Tja, leider hat das auch nix gebracht   :Confused: 

Auch wenn ich diese Ordner verschiebe/lösche bringt das keine änderung, ich bekomme immernoch die gleichen Fehler und kann keine User anlegen ...

Schade, aber wie es aussieht kann mir leider niemand hier helfen, bzw. weiß niemand wo der Fehler hier liegt und wie man ihn beseitigt .....

Also hat vielleicht doch noch wer eine Idee? Immerhin bin ich ja genau nach dem gentoo-Wiki-Howto vorgegangen und ich kann doch net der einzige sein mit einem Samba-(LDAP)-PDC??

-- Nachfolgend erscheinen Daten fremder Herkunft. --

(* Let $A\in\mathbb{R}^{m\times N}$ with $N=pn$, let $\mathbf{x}\in\mathbb{R}^N$ be arbitrary, let $k\in\{1,\dots,p\}$, let $\phi_k(\mathbf{x})=\inf_{\mathbf{z}\in\mathbb{R}^N,\lVert\mathbf{z}\rVert_{2,0}=k}\lVert\mathbf{x}-\mathbf{z}\rVert_{2,1}$, and let $\mathbf{y}=A\mathbf{x}+\boldsymbol{\epsilon}$. For any $q\in(1,\infty]$: 1) If $\lVert\boldsymbol{\epsilon}\rVert_2\le\zeta$, then the solution $\hat{\mathbf{x}}$ of the block basis pursuit $\min_{\mathbf{z}}\lVert\mathbf{z}\rVert_{2,1}$ s.t. $\lVert\mathbf{y}-A\mathbf{z}\rVert_2\le\zeta$ obeys $$\lVert\hat{\mathbf{x}}-\mathbf{x}\rVert_{2,q}\le\frac{2\zeta}{\beta_{q,4^{\frac{q}{q-1}}k}(A)}+k^{1/q-1}\phi_k(\mathbf{x}),\qquad \lVert\hat{\mathbf{x}}-\mathbf{x}\rVert_{2,1}\le\frac{4k^{1-1/q}\zeta}{\beta_{q,4^{\frac{q}{q-1}}k}(A)}+4\phi_k(\mathbf{x}).$$ 2) If $\lVert A^T\boldsymbol{\epsilon}\rVert_{2,\infty}\le\mu$, then the solution $\hat{\mathbf{x}}$ of the block Dantzig selector $\min_{\mathbf{z}}\lVert\mathbf{z}\rVert_{2,1}$ s.t. $\lVert A^T(\mathbf{y}-A\mathbf{z})\rVert_{2,\infty}\le\mu$ obeys $$\lVert\hat{\mathbf{x}}-\mathbf{x}\rVert_{2,q}\le\frac{8k^{1-1/q}}{\beta^2_{q,4^{\frac{q}{q-1}}k}(A)}\mu+k^{1/q-1}\phi_k(\mathbf{x}),\qquad \lVert\hat{\mathbf{x}}-\mathbf{x}\rVert_{2,1}\le\frac{16k^{2-2/q}}{\beta^2_{q,4^{\frac{q}{q-1}}k}(A)}\mu+4\phi_k(\mathbf{x}).$$ 3) If $\lVert A^T\boldsymbol{\epsilon}\rVert_{2,\infty}\le\kappa\mu$ for some $\kappa\in(0,1)$, then the solution $\hat{\mathbf{x}}$ of the group lasso $\min_{\mathbf{z}}\frac12\lVert\mathbf{y}-A\mathbf{z}\rVert_2^2+\mu\lVert\mathbf{z}\rVert_{2,1}$ obeys $$\lVert\hat{\mathbf{x}}-\mathbf{x}\rVert_{2,q}\le\frac{1+\kappa}{1-\kappa}\cdot\frac{4k^{1-1/q}}{\beta^2_{q,(\frac{4}{1-\kappa})^{\frac{q}{q-1}}k}(A)}\mu+k^{1/q-1}\phi_k(\mathbf{x}),$$ $$\lVert\hat{\mathbf{x}}-\mathbf{x}\rVert_{2,1}\le\frac{1+\kappa}{(1-\kappa)^2}\cdot\frac{8k^{2-2/q}}{\beta^2_{q,(\frac{4}{1-\kappa})^{\frac{q}{q-1}}k}(A)}\mu+\frac{4}{1-\kappa}\phi_k(\mathbf{x}).$$
   Context: Every $\mathbf{x}\in\mathbb{R}^N$ is partitioned into $p$ consecutive blocks of length $n$: $\mathbf{x}=[\mathbf{x}_1^T,\dots,\mathbf{x}_p^T]^T$, $\mathbf{x}_i\in\mathbb{R}^n$. Mixed norms: $\lVert\mathbf{x}\rVert_{2,0}=\#\{i:\mathbf{x}_i\ne\mathbf{0}\}$, $\lVert\mathbf{x}\rVert_{2,q}=(\sum_{i=1}^p\lVert\mathbf{x}_i\rVert_2^q)^{1/q}$ for $0<q<\infty$, $\lVert\mathbf{x}\rVert_{2,\infty}=\max_i\lVert\mathbf{x}_i\rVert_2$. For nonzero $\mathbf{x}$ and $q\in(1,\infty)$, $k_q(\mathbf{x})=\left(\lVert\mathbf{x}\rVert_{2,1}/\lVert\mathbf{x}\rVert_{2,q}\right)^{q/(q-1)}$, and $k_\infty(\mathbf{x})=\lVert\mathbf{x}\rVert_{2,1}/\lVert\mathbf{x}\rVert_{2,\infty}$. For $q\in(1,\infty]$ and real $s\ge1$, $\beta_{q,s}(A)=\min_{\mathbf{z}\ne\mathbf{0},\,k_q(\mathbf{z})\le s}\lVert A\mathbf{z}\rVert_2/\lVert\mathbf{z}\rVert_{2,q}$ (the paper defines it for $s\in[1,p]$; for $s\ge p$ the constraint is vacuous since $k_q\le p$). For $q=\infty$, $q/(q-1)$ is read as $1$ and $1/q$ as $0$. The parameters $\zeta\ge0$, $\mu>0$ are given; bounds are understood as $+\infty$ when the relevant $\beta$ is $0$. *)

theory Defs
  imports "HOL-Analysis.Analysis" "HOL-Library.Extended_Real"
begin

text \<open>Vectors of R^N are functions nat => real vanishing outside {..<N}.
  A vector of R^{p n} is split into p consecutive blocks of length n.\<close>

definition in_RN :: "nat \<Rightarrow> (nat \<Rightarrow> real) \<Rightarrow> bool" where
  "in_RN N z \<longleftrightarrow> (\<forall>j\<ge>N. z j = 0)"

definition norm2 :: "nat \<Rightarrow> (nat \<Rightarrow> real) \<Rightarrow> real" where
  "norm2 m v = sqrt (\<Sum>i<m. (v i)^2)"

definition matvec :: "nat \<Rightarrow> (nat \<Rightarrow> nat \<Rightarrow> real) \<Rightarrow> (nat \<Rightarrow> real) \<Rightarrow> (nat \<Rightarrow> real)" where
  "matvec N A z = (\<lambda>i. \<Sum>j<N. A i j * z j)"

definition tmatvec :: "nat \<Rightarrow> (nat \<Rightarrow> nat \<Rightarrow> real) \<Rightarrow> (nat \<Rightarrow> real) \<Rightarrow> (nat \<Rightarrow> real)" where
  "tmatvec m A v = (\<lambda>j. \<Sum>i<m. A i j * v i)"

definition bnorm :: "nat \<Rightarrow> (nat \<Rightarrow> real) \<Rightarrow> nat \<Rightarrow> real" where
  "bnorm n x i = sqrt (\<Sum>j<n. (x (i * n + j))^2)"

definition norm20 :: "nat \<Rightarrow> nat \<Rightarrow> (nat \<Rightarrow> real) \<Rightarrow> nat" where
  "norm20 n p x = card {i. i < p \<and> bnorm n x i \<noteq> 0}"

definition norm21 :: "nat \<Rightarrow> nat \<Rightarrow> (nat \<Rightarrow> real) \<Rightarrow> real" where
  "norm21 n p x = (\<Sum>i<p. bnorm n x i)"

definition mixnorm :: "nat \<Rightarrow> nat \<Rightarrow> ereal \<Rightarrow> (nat \<Rightarrow> real) \<Rightarrow> real" where
  "mixnorm n p q x =
     (if q = \<infinity> then Max (bnorm n x ` {..<p})
      else (\<Sum>i<p. bnorm n x i powr real_of_ereal q) powr (1 / real_of_ereal q))"

text \<open>q/(q-1), read as 1 for q = infinity; and 1/q, read as 0 for q = infinity.\<close>
definition qexp :: "ereal \<Rightarrow> real" where
  "qexp q = (if q = \<infinity> then 1 else real_of_ereal q / (real_of_ereal q - 1))"

definition invq :: "ereal \<Rightarrow> real" where
  "invq q = (if q = \<infinity> then 0 else 1 / real_of_ereal q)"

definition kq :: "nat \<Rightarrow> nat \<Rightarrow> ereal \<Rightarrow> (nat \<Rightarrow> real) \<Rightarrow> real" where
  "kq n p q x = (norm21 n p x / mixnorm n p q x) powr qexp q"

text \<open>beta_{q,s}(A): the minimum (attained, written as infimum) over nonzero z in R^{pn}
  with k_q(z) <= s of ||Az||_2 / ||z||_{2,q}.\<close>
definition beta :: "nat \<Rightarrow> nat \<Rightarrow> nat \<Rightarrow> ereal \<Rightarrow> real \<Rightarrow> (nat \<Rightarrow> nat \<Rightarrow> real) \<Rightarrow> real" where
  "beta n p m q s A = Inf {norm2 m (matvec (p * n) A z) / mixnorm n p q z | z.
      in_RN (p * n) z \<and> z \<noteq> (\<lambda>_. 0) \<and> kq n p q z \<le> s}"

definition phi :: "nat \<Rightarrow> nat \<Rightarrow> nat \<Rightarrow> (nat \<Rightarrow> real) \<Rightarrow> real" where
  "phi n p k x = Inf {norm21 n p (x - z) | z. in_RN (p * n) z \<and> norm20 n p z = k}"

definition bp_sol where
  "bp_sol n p m A y \<zeta> xh \<longleftrightarrow>
     in_RN (p * n) xh \<and> norm2 m (y - matvec (p * n) A xh) \<le> \<zeta> \<and>
     (\<forall>z. in_RN (p * n) z \<and> norm2 m (y - matvec (p * n) A z) \<le> \<zeta> \<longrightarrow>
          norm21 n p xh \<le> norm21 n p z)"

definition ds_sol where
  "ds_sol n p m A y \<mu> xh \<longleftrightarrow>
     in_RN (p * n) xh \<and> mixnorm n p \<infinity> (tmatvec m A (y - matvec (p * n) A xh)) \<le> \<mu> \<and>
     (\<forall>z. in_RN (p * n) z \<and> mixnorm n p \<infinity> (tmatvec m A (y - matvec (p * n) A z)) \<le> \<mu> \<longrightarrow>
          norm21 n p xh \<le> norm21 n p z)"

definition lasso_obj where
  "lasso_obj n p m A y \<mu> z = 1/2 * (norm2 m (y - matvec (p * n) A z))^2 + \<mu> * norm21 n p z"

definition lasso_sol where
  "lasso_sol n p m A y \<mu> xh \<longleftrightarrow>
     in_RN (p * n) xh \<and>
     (\<forall>z. in_RN (p * n) z \<longrightarrow> lasso_obj n p m A y \<mu> xh \<le> lasso_obj n p m A y \<mu> z)"

end

theory Submission
  imports Defs
begin

text \<open>Write h = xh - x and K = k^(1-1/q). Optimality of xh gives
  ||xh||_{2,1} <= ||x||_{2,1} + kappa ||h||_{2,1}: with kappa = 0 for basis pursuit and the Dantzig
  selector, where x is feasible, and for the lasso by comparing objectives and bounding
  <eps, Ah> = <h, A^T eps>. Comparing with a k-block-sparse z and applying Hoelder's inequality on
  the support of z turns this into the cone inequality
  (1 - kappa) ||h||_{2,1} <= 2 K ||h||_{2,q} + 2 phi_k(x).
  Either phi_k(x) dominates K ||h||_{2,q}, which bounds ||h||_{2,q} directly, or
  k_q(h) <= (4/(1-kappa))^(q/(q-1)) k, so that beta ||h||_{2,q} <= ||Ah||_2. For basis pursuit
  ||Ah||_2 <= 2 zeta; for the other two programs
  ||Ah||_2^2 = <h, A^T A h> <= ||h||_{2,1} ||A^T A h||_{2,inf}, and A^T A h is the difference of
  the correlations of the two residuals with A, bounded by the constraint or, for the lasso, by its
  first-order optimality condition ||A^T (y - A xh)||_{2,inf} <= mu.\<close>

section \<open>Mixed block norms\<close>

lemma bnorm_eq_L2_set: "bnorm n x i = L2_set (\<lambda>j. x (i * n + j)) {..<n}"
  by (simp add: bnorm_def L2_set_def)

lemma bnorm_nonneg: "0 \<le> bnorm n x i"
  by (simp add: bnorm_def sum_nonneg)

lemma bnorm_eq_0_iff: "bnorm n z i = 0 \<longleftrightarrow> (\<forall>j<n. z (i * n + j) = 0)"
  by (auto simp: bnorm_def sum_nonneg_eq_0_iff)

lemma bnorm_add_le: "bnorm n (\<lambda>j. x j + y j) i \<le> bnorm n x i + bnorm n y i"
  unfolding bnorm_eq_L2_set by (rule L2_set_triangle_ineq)

lemma bnorm_diff_le: "bnorm n (x - y) i \<le> bnorm n x i + bnorm n y i"
  using bnorm_add_le[of n x "\<lambda>j. - y j" i] by (simp add: bnorm_def)

lemma bnorm_mult: "bnorm n (\<lambda>j. c * x j) i = \<bar>c\<bar> * bnorm n x i"
  by (simp add: bnorm_def power_mult_distrib sum_distrib_left[symmetric] real_sqrt_mult)

lemma norm21_nonneg: "0 \<le> norm21 n p x"
  by (simp add: norm21_def sum_nonneg bnorm_nonneg)

lemma norm21_split:
  assumes "S \<subseteq> {..<p}"
  shows "norm21 n p h = (\<Sum>i\<in>S. bnorm n h i) + (\<Sum>i\<in>{..<p} - S. bnorm n h i)"
  unfolding norm21_def using assms by (simp add: sum.subset_diff add.commute)

lemma mixnorm_nonneg:
  assumes "0 < p"
  shows "0 \<le> mixnorm n p q h"
proof (cases "q = \<infinity>")
  case True
  have "0 \<le> bnorm n h 0" by (rule bnorm_nonneg)
  also have "\<dots> \<le> Max (bnorm n h ` {..<p})" using assms by (intro Max_ge) auto
  finally show ?thesis using True by (simp add: mixnorm_def)
qed (simp add: mixnorm_def)

lemma mixnorm_zero: "0 < p \<Longrightarrow> mixnorm n p q (\<lambda>_. 0) = 0"
  by (auto simp: mixnorm_def bnorm_def image_constant_conv lessThan_empty_iff)

lemma mixnorm_inf_diff_le:
  assumes "0 < p"
  shows "mixnorm n p \<infinity> (u - v) \<le> mixnorm n p \<infinity> u + mixnorm n p \<infinity> v"
proof -
  have "bnorm n (u - v) i \<le> Max (bnorm n u ` {..<p}) + Max (bnorm n v ` {..<p})" if "i < p" for i
  proof -
    have "bnorm n u i \<le> Max (bnorm n u ` {..<p})" "bnorm n v i \<le> Max (bnorm n v ` {..<p})"
      using that by (auto intro!: Max_ge)
    then show ?thesis using bnorm_diff_le[of n u v i] by linarith
  qed
  then show ?thesis using assms by (simp add: mixnorm_def Max_le_iff lessThan_empty_iff)
qed

lemma sum_lessThan_mult_blocks:
  fixes p n :: nat
  shows "(\<Sum>j<p * n. f j) = (\<Sum>i<p. \<Sum>j<n. f (i * n + j))"
  unfolding sum.nat_group[symmetric]
  by (simp add: sum.atLeastLessThan_shift_0 comp_def atLeast0LessThan)

lemma sum_mult_le_norm21_mult_mixnorm_inf:
  "(\<Sum>j<p * n. h j * g j) \<le> norm21 n p h * mixnorm n p \<infinity> g"
proof -
  have "(\<Sum>j<p * n. h j * g j) = (\<Sum>i<p. \<Sum>j<n. h (i * n + j) * g (i * n + j))"
    by (rule sum_lessThan_mult_blocks)
  also have "\<dots> \<le> (\<Sum>i<p. bnorm n h i * bnorm n g i)"
  proof (rule sum_mono)
    fix i
    have "(\<Sum>j<n. h (i * n + j) * g (i * n + j)) \<le> (\<Sum>j<n. \<bar>h (i * n + j)\<bar> * \<bar>g (i * n + j)\<bar>)"
      by (intro sum_mono) (metis abs_ge_self abs_mult)
    also have "\<dots> \<le> bnorm n h i * bnorm n g i"
      unfolding bnorm_eq_L2_set by (rule L2_set_mult_ineq)
    finally show "(\<Sum>j<n. h (i * n + j) * g (i * n + j)) \<le> bnorm n h i * bnorm n g i" .
  qed
  also have "\<dots> \<le> (\<Sum>i<p. bnorm n h i * mixnorm n p \<infinity> g)"
    by (intro sum_mono mult_left_mono bnorm_nonneg) (auto simp: mixnorm_def)
  also have "\<dots> = norm21 n p h * mixnorm n p \<infinity> g"
    by (simp add: norm21_def sum_distrib_right)
  finally show ?thesis .
qed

Und wenn wirklich keiner mehr Rat weiß, hmm, dann ist das zwar sehr schlecht, aber leider nicht zu ändern ...

Vielleicht kann mir ja noch jemanden ne Seite sagen mit einem guten HowTo zu dem Thema oder allgemeinen infos zu LDAP, und zwar so das auch ein Anfänger das versteht ...

Ich bin euch schonmal im Vorraus dankbar ...

----------

## dmaus

@Gucky_der_Mausbiber: 

Ich habe morgen (Di, 13.02.07) ein Date mit meinem Samba-LDAP-PDC und schau mir mal dein Problem genauer an.

----------

## Gucky_der_Mausbiber

dafür wäre ich dir echt super dankbar ...    :Smile: 

----------

## dmaus

So, habe gerade dein Konfigurationsdateien mit meinen verglichen und konnte diesbezüglich nichts feststellen. Bei der Einrichtung meines PDCs bin ich übrigens auch genau nach dem HowTo vorgegangen.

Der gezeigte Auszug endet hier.